Close-Up of a Decticus verrucivorus

The wart-biter (Decticus verrucivorus) is a bush-cricket in the family Tettigoniidae. Its common and scientific names derive from the eighteenth-century Swedish practice of allowing the crickets to nibble at warts to remove them.

==Description==
Adult wart-biters are 31–37 mm, with females being significantly larger than males. They are typically dark green in colour, and shiny, always with at least some dark brown mottling or blotches on the pronotum and wings; a largely dark brown morphotype also occurs, though still mottled with some green. The female has a 20 mm long and slightly upcurved ovipositor. Their colour acts as effective camouflage in grassy surroundings.

The wart-biter has a song consisting of a rapidly repeated series of short bursts of clicks starting slowly and speeding up, sometimes lasting for several minutes; it only sings in sunny weather.

Wart-biters normally move around by walking; they rarely fly, except when frightened. Most can only fly 3 to 4 m at a time.

==Subspecies==
The Orthoptera Species File lists:
- D. verrucivorus assiduus Ingrisch, Willemse & Heller, 1992
- D. verrucivorus brevipennis Götz, 1970
- D. verrucivorus crassus Götz, 1970
- D. verrucivorus gracilis Uvarov, 1930
- D. verrucivorus latipennis Liu, Chen & Liu, 2020
- D. verrucivorus longipennis Nedelkov, 1907
- D. verrucivorus mithati Ramme, 1939
- D. verrucivorus monspeliensis Rambur, 1838
- D. verrucivorus sayram Liu, Chen & Liu, 2020
- D. verrucivorus stoljarovi Götz, 1970
- D. verrucivorus verrucivorus (Linnaeus, 1758) - nominate subspecies, to which the name 'wart-biter' belongs.

==Habitat==
The species is found in calcareous grassland and heathland habitats.
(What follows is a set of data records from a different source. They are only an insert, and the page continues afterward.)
lemma norm_integral_le_by_antiderivative:
  fixes f e F :: "real \<Rightarrow> 'a::banach"
  assumes "a \<le> b"
    and F: "\<And>t. t \<in> {a..b} \<Longrightarrow> (F has_vector_derivative f t + e t) (at t within {a..b})"
    and e: "e integrable_on {a..b}" and g: "g integrable_on {a..b}"
    and e_le: "\<And>t. t \<in> {a..b} \<Longrightarrow> norm (e t) \<le> g t"
  shows "norm (integral {a..b} f) \<le> norm (F a) + norm (F b) + integral {a..b} g"
proof -
  have "((\<lambda>t. f t + e t) has_integral F b - F a) {a..b}"
    using assms(1) F by (rule fundamental_theorem_of_calculus)
  from has_integral_diff[OF this integrable_integral[OF e]]
  have "integral {a..b} f = F b - F a - integral {a..b} e"
    by (simp add: integral_unique)
  moreover have "norm (integral {a..b} e) \<le> integral {a..b} g"
    using e g e_le by (rule integral_norm_bound_integral)
  ultimately show ?thesis
    by (smt (verit) norm_triangle_ineq4 norm_triangle_ineq)
qed

lemma has_integral_inverse_power_majorant:
  assumes \<delta>: "0 < \<delta>" "\<delta> \<le> 1"
  shows "((\<lambda>t. 1 / \<delta> ^ (d - 1) + real (d - 1) / t ^ d) has_integral (2 - \<delta>) / \<delta> ^ (d - 1) - 1) {\<delta>..1}"
proof -
  define G where "G t = t / \<delta> ^ (d - 1) - 1 / t ^ (d - 1)" for t :: real
  have "(G has_real_derivative 1 / \<delta> ^ (d - 1) - - real (d - 1) / t ^ d) (at t)" if "t \<in> {\<delta>..1}" for t
    unfolding G_def using that \<delta>
    by (intro DERIV_diff DERIV_cdivide DERIV_ident has_real_derivative_inverse_power) auto
  then have "((\<lambda>t. 1 / \<delta> ^ (d - 1) + real (d - 1) / t ^ d) has_integral G 1 - G \<delta>) {\<delta>..1}"
    using \<delta> by (intro fundamental_theorem_of_calculus)
      (auto simp: has_real_derivative_iff_has_vector_derivative intro: has_vector_derivative_at_within)
  then show ?thesis
    by (simp add: G_def diff_divide_distrib algebra_simps)
qed

lemma has_vector_derivative_exp_i_power_antiderivative:
  fixes \<psi> :: "real \<Rightarrow> complex"
  assumes t: "t > 0" and \<mu>: "\<mu> \<noteq> 0" and d: "d \<ge> 1" and \<psi>': "(\<psi> has_vector_derivative \<psi>') (at t)"
  defines "K \<equiv> 1 / (\<i> * complex_of_real (\<mu> * real d))"
  shows "((\<lambda>s. exp (\<i> * complex_of_real (\<mu> * s ^ d)) * (\<psi> s * K * complex_of_real (1 / s ^ (d - 1))))
           has_vector_derivative
             exp (\<i> * complex_of_real (\<mu> * t ^ d)) * \<psi> t
             + exp (\<i> * complex_of_real (\<mu> * t ^ d))
               * (\<psi>' * K * complex_of_real (1 / t ^ (d - 1)) + \<psi> t * K * complex_of_real (- real (d - 1) / t ^ d)))
         (at t)"
proof -
  define \<Phi> where "\<Phi> s = exp (\<i> * complex_of_real (\<mu> * s ^ d))" for s
  define r where "r s = 1 / s ^ (d - 1)" for s :: real
  define r' where "r' = - real (d - 1) / t ^ d"
  define c where "c = \<i> * complex_of_real (\<mu> * (real d * t ^ (d - 1)))"
  define h where "h s = \<psi> s * K * complex_of_real (r s)" for s
  define h' where "h' = \<psi>' * K * complex_of_real (r t) + \<psi> t * K * complex_of_real r'"
  have "(r has_real_derivative r') (at t)"
    unfolding r_def r'_def using t by (intro has_real_derivative_inverse_power) simp
  then have "(h has_vector_derivative h') (at t)"
    unfolding h_def h'_def by (auto intro!: derivative_eq_intros \<psi>')
  moreover have "(\<Phi> has_vector_derivative c * \<Phi> t) (at t)"
    unfolding \<Phi>_def c_def by (rule has_vector_derivative_exp_i_power)
  ultimately have "((\<lambda>s. \<Phi> s * h s) has_vector_derivative \<Phi> t * h' + c * \<Phi> t * h t) (at t)"
    by (intro has_vector_derivative_mult)
  moreover have "c * K * complex_of_real (r t) = 1"
    using t d \<mu> by (simp add: c_def K_def r_def field_simps)
  then have "c * \<Phi> t * h t = \<Phi> t * \<psi> t"
    by (simp add: h_def) (metis (no_types, lifting) mult.assoc)
  ultimately have "((\<lambda>s. \<Phi> s * h s) has_vector_derivative \<Phi> t * \<psi> t + \<Phi> t * h') (at t)"
    by (simp add: add.commute)
  then show ?thesis
    unfolding \<Phi>_def h_def h'_def r_def r'_def .
qed
(* Let $R,LM,C,\widetilde C,Ceq,\widetilde{Ceq}$ be as below and assume all conditions (1.1)–(7b) listed below hold; let $\sim,\simeq$ be as below. Then: (i) if $(\Gamma,T)\in C$, $\Gamma'\in C$ and $\Gamma\sim\Gamma'$, there exists $T'$ with $(\Gamma',T')\in C$ and $(\Gamma,T)\sim(\Gamma',T')$; (ii) if $(\Gamma\vdash o:S)\in\widetilde C$ and $(\Gamma,S)\sim(\Gamma',S')$ with $(\Gamma',S')\in C$, there exists $o'$ with $(\Gamma'\vdash o':S')\in\widetilde C$ and $(\Gamma'\vdash o':S')\simeq(\Gamma\vdash o:S)$. Conditions (for all well-formed data, $n=l(\Gamma)$, $i=l(\Gamma_1)$): (1.1) $(\rhd)$; (1.2) $(\Gamma,T\rhd)\Rightarrow(\Gamma\rhd)$; (1.3) $(\Gamma\vdash r:R)\Rightarrow(\Gamma,R\rhd)$; (1.4) $(\Gamma,T\rhd)\wedge(\Gamma,\Delta\vdash r:R)\Rightarrow(\Gamma,T,t_{n+1}\Delta\vdash t_{n+1}r:t_{n+1}R)$; (1.5) $(\Gamma\vdash s:S)\wedge(\Gamma,S,\Delta\vdash r:R)\Rightarrow(\Gamma,s_{n+1}(\Delta[s/n+1])\vdash s_{n+1}(r[s/n+1]):s_{n+1}(R[s/n+1]))$; (1.6) $(\Gamma,T\rhd)\Rightarrow(\Gamma,T\vdash n+1:t_{n+1}T)$; (2a) $(\Gamma\vdash T=T')\Rightarrow(\Gamma,T\rhd)$; (2b) $(\Gamma,T\rhd)\Rightarrow(\Gamma\vdash T=T)$; (2c) symmetry and (2d) transitivity of $(\Gamma\vdash T=T')$ in $T,T'$; (3a) $(\Gamma\vdash o=o':T)\Rightarrow(\Gamma\vdash o:T)$; (3b) $(\Gamma\vdash o:T)\Rightarrow(\Gamma\vdash o=o:T)$; (3c) symmetry and (3d) transitivity of $(\Gamma\vdash o=o':T)$ in $o,o'$; (4a) $(\Gamma_1\vdash T=T')\wedge(\Gamma_1,T,\Gamma_2\vdash S=S')\Rightarrow(\Gamma_1,T',\Gamma_2\vdash S=S')$; (4b) $(\Gamma_1\vdash T=T')\wedge(\Gamma_1,T,\Gamma_2\vdash o=o':S)\Rightarrow(\Gamma_1,T',\Gamma_2\vdash o=o':S)$; (4c) $(\Gamma\vdash S=S')\wedge(\Gamma\vdash o=o':S)\Rightarrow(\Gamma\vdash o=o':S')$; (5a) $(\Gamma_1,T\rhd)\wedge(\Gamma_1,\Gamma_2\vdash S=S')\Rightarrow(\Gamma_1,T,t_{i+1}\Gamma_2\vdash t_{i+1}S=t_{i+1}S')$; (5b) $(\Gamma_1,T\rhd)\wedge(\Gamma_1,\Gamma_2\vdash o=o':S)\Rightarrow(\Gamma_1,T,t_{i+1}\Gamma_2\vdash t_{i+1}o=t_{i+1}o':t_{i+1}S)$; (6a) $(\Gamma_1,T,\Gamma_2\vdash S=S')\wedge(\Gamma_1\vdash r:T)\Rightarrow(\Gamma_1,s_{i+1}(\Gamma_2[r/i+1])\vdash s_{i+1}(S[r/i+1])=s_{i+1}(S'[r/i+1]))$; (6b) the analogous statement for $(\Gamma_1,T,\Gamma_2\vdash o=o':S)$, concluding $(\Gamma_1,s_{i+1}(\Gamma_2[r/i+1])\vdash s_{i+1}(o[r/i+1])=s_{i+1}(o'[r/i+1]):s_{i+1}(S[r/i+1]))$; (7a) $(\Gamma_1,T,\Gamma_2,S\rhd)\wedge(\Gamma_1\vdash r=r':T)\Rightarrow(\Gamma_1,s_{i+1}(\Gamma_2[r/i+1])\vdash s_{i+1}(S[r/i+1])=s_{i+1}(S[r'/i+1]))$; (7b) $(\Gamma_1,T,\Gamma_2\vdash o:S)\wedge(\Gamma_1\vdash r=r':T)\Rightarrow(\Gamma_1,s_{i+1}(\Gamma_2[r/i+1])\vdash s_{i+1}(o[r/i+1])=s_{i+1}(o[r'/i+1]):s_{i+1}(S[r/i+1]))$.
   Context: $[n]=\{1,\dots,n\}$. $R$ is a monad on Sets (unit $\eta$, Kleisli extension $\mathrm{bind}$), $LM$ a left $R$-module with action $\rho(f):LM(X)\to LM(Y)$ for $f:X\to R(Y)$. Elements of $Y$ are regarded in $R(Y)$ via $\eta_Y$; $E(f_1/1,\dots,f_m/m)$ is $\rho(f)(E)$ or $\mathrm{bind}(f)(E)$ with $f(i)=f_i$. For $E$ in $LM([m])$ or $R([m])$, $m\ge n$: $t_{n+1}E:=E(1/1,\dots,n/n,n+2/n+1,\dots,m+1/m)$; for $m\ge n+1$, $s\in R([n])$: $s_{n+1}(E[s/n+1]):=E(1/1,\dots,n/n,s/n+1,n+1/n+2,\dots,m-1/m)$; both applied componentwise to sequences. $C,\widetilde C,Ceq,\widetilde{Ceq}$ are subsets of $\coprod_n\prod_{j<n}LM([j])$, $\coprod_n(\prod_{j\le n}LM([j]))\times R([n])$, $\coprod_n(\prod_{j<n}LM([j]))\times LM([n])^2$, $\coprod_n(\prod_{j\le n}LM([j]))\times R([n])^2$. Contexts: $\Gamma=(T_1,\dots,T_n)$, $T_j\in LM([j-1])$, $l(\Gamma)=n$, $ft$ drops the last entry, commas concatenate. $(\Gamma\rhd)$: $\Gamma\in C$; $(\Gamma\vdash t:T)$: $(\Gamma,T,t)\in\widetilde C$; $(\Gamma\vdash S=S')$: $(\Gamma,S,S')\in Ceq$; $(\Gamma\vdash o=o':S)$: $(\Gamma,S,o,o')\in\widetilde{Ceq}$. $\sim$ on $C$: $(T_1,\dots,T_n)\sim(T'_1,\dots,T'_n)$ iff $n=0$ or ($ft$'s related and $(T_1,\dots,T_{n-1}\vdash T_n=T'_n)$); different lengths never related. $\simeq$ on $\widetilde C$: $(\Gamma\vdash o:S)\simeq(\Gamma'\vdash o':S')$ iff $(\Gamma,S)\sim(\Gamma',S')$ and $(\Gamma\vdash o=o':S)$. *)

theory Defs
  imports Main
begin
Wart-biters need a mosaic of vegetation, including bare ground/short turf, grass tussocks, and a sward rich in flowering herbs. They prefer areas that are not heavily grazed. The species is thermophilous, and tends to occur on sites with a southerly aspect.

==Diet==
Wart-biters are omnivores. Plants eaten include knapweed, nettles, bedstraws; the species also eats insects, including grasshoppers.

==Life cycle==
The wart-biter lays its eggs in the soil; these eggs normally hatch after two winters. It then passes through seven instar stages between April and June. The adult stage is reached in the beginning of July. Wart-biter populations peak in late July and early August. Newly hatched Decticus are encased in a sheath to facilitate their trip to the soil surface, the sheath holding the legs and antennae safely against the body while burrowing upwards. A neck which can in turn be inflated and deflated, enlarges the top of its tunnel, easing its passage upwards.

==Status and distribution==
This species occurs throughout continental Europe, except the extreme south, ranging from southern Scandinavia to Portugal, Spain, Italy, and Greece. It is also found in temperate Asia, as far east as China. Geographic features such as mountains have fragmented the species, leading to a wide range of forms and numerous subspecies.

In Britain, the wart-biter is confined to five sites, two in East Sussex, and one each in Wiltshire, Essex, Dorset and Kent.

==Conservation==
The population of wart-biters has declined in many areas of northern Europe. In Britain, it is threatened with extinction. The species is the subject of a United Kingdom Biodiversity Action Plan.

== Bibliography ==

- Westwood, Brett (2017). "Wonderland: a year of Britain's wildlife, day by day"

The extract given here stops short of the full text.